(Recorded data)
-*-*-
lemma closest_point_exists:
  fixes M :: "'a::chilbert_space set"
  assumes "closed M" "convex M" "M \<noteq> {}"
  shows "\<exists>m\<in>M. \<forall>k\<in>M. norm (w - m) \<le> norm (w - k)"
proof -
  define d where "d = infdist w M"
  have d_le: "d \<le> norm (w - k)" if "k \<in> M" for k
    using infdist_le[OF that, of w] by (simp add: d_def dist_norm)
  have "\<exists>k\<in>M. norm (w - k) < d + 1 / Suc n" for n
  proof -
    have "(INF k\<in>M. dist w k) < d + 1 / Suc n"
      using assms(3) by (simp add: d_def infdist_notempty)
    then show ?thesis
      by (simp only: cINF_less_iff[OF assms(3) bdd_below_image_dist]) (auto simp: dist_norm)
  qed
  then obtain k where kM: "\<And>n. k n \<in> M" and k_lt: "\<And>n. norm (w - k n) < d + 1 / Suc n"
    by metis
  have dist_lim: "(\<lambda>n. norm (w - k n)) \<longlonglongrightarrow> d"
  proof (rule tendsto_sandwich[where f = "\<lambda>_. d" and h = "\<lambda>n. d + 1 / Suc n"])
    show "(\<lambda>n. d + 1 / Suc n) \<longlonglongrightarrow> d"
      using tendsto_add[OF tendsto_const LIMSEQ_Suc[OF lim_const_over_n[of 1]]] by simp
  qed (use d_le kM k_lt in \<open>auto intro!: always_eventually less_imp_le\<close>)
  define excess where "excess n = (norm (w - k n))\<^sup>2 - d\<^sup>2" for n
  have "excess \<longlonglongrightarrow> 0"
    unfolding excess_def
    using tendsto_diff[OF tendsto_power[OF dist_lim, of 2] tendsto_const[of "d\<^sup>2"]] by simp
  have spread: "(norm (k m - k n))\<^sup>2 \<le> 2 * excess m + 2 * excess n" for m n
  proof -
    have "(1/2) *\<^sub>R k m + (1/2) *\<^sub>R k n \<in> M"
      using assms(2) kM by (simp add: convex_def)
    then have "d \<le> norm (w - ((1/2) *\<^sub>R k m + (1/2) *\<^sub>R k n))"
      by (rule d_le)
    also have "\<dots> = norm ((w - k m) + (w - k n)) / 2"
    proof -
      have "(w - k m) + (w - k n) = 2 *\<^sub>R (w - ((1/2) *\<^sub>R k m + (1/2) *\<^sub>R k n))"
        by (simp add: algebra_simps scaleR_2)
      then show ?thesis by simp
    qed
    finally have "(2 * d)\<^sup>2 \<le> (norm ((w - k m) + (w - k n)))\<^sup>2"
      using infdist_nonneg[of w M] by (intro power_mono) (auto simp: d_def)
    moreover have "(w - k m) - (w - k n) = k n - k m" by simp
    ultimately show ?thesis
      using parallelogram_law[of "w - k m" "w - k n"] by (simp add: excess_def norm_minus_commute)
  qed
  have "Cauchy k"
  proof (rule metric_CauchyI)
    fix e :: real assume "e > 0"
    then have "e\<^sup>2 / 4 > 0" by simp
    from LIMSEQ_D[OF \<open>excess \<longlonglongrightarrow> 0\<close> this]
    obtain N where N: "\<And>n. n \<ge> N \<Longrightarrow> \<bar>excess n\<bar> < e\<^sup>2 / 4"
      by auto
    have "dist (k m) (k n) < e" if "m \<ge> N" "n \<ge> N" for m n
    proof -
      have "(norm (k m - k n))\<^sup>2 < e\<^sup>2"
        using spread[of m n] N[OF \<open>m \<ge> N\<close>] N[OF \<open>n \<ge> N\<close>] by linarith
      then show ?thesis
        using \<open>e > 0\<close> by (simp add: dist_norm power_less_imp_less_base)
    qed
    then show "\<exists>N. \<forall>m\<ge>N. \<forall>n\<ge>N. dist (k m) (k n) < e" by blast
  qed
  then obtain m where lim: "k \<longlonglongrightarrow> m"
    using Cauchy_convergent_iff convergent_def by blast
  have "m \<in> M"
    using closed_sequentially[OF assms(1)] kM lim by blast
  moreover have "norm (w - m) = d"
    using LIMSEQ_unique[OF tendsto_norm[OF tendsto_diff[OF tendsto_const lim]] dist_lim] .
  ultimately show ?thesis using d_le by auto
qed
-*-*-
• _Task requirements_: All lines above that contain the word "thesis" are to be copied.

• _Response area_:
    then show ?thesis
      then show ?thesis by simp
    ultimately show ?thesis
      then show ?thesis
  ultimately show ?thesis using d_le by auto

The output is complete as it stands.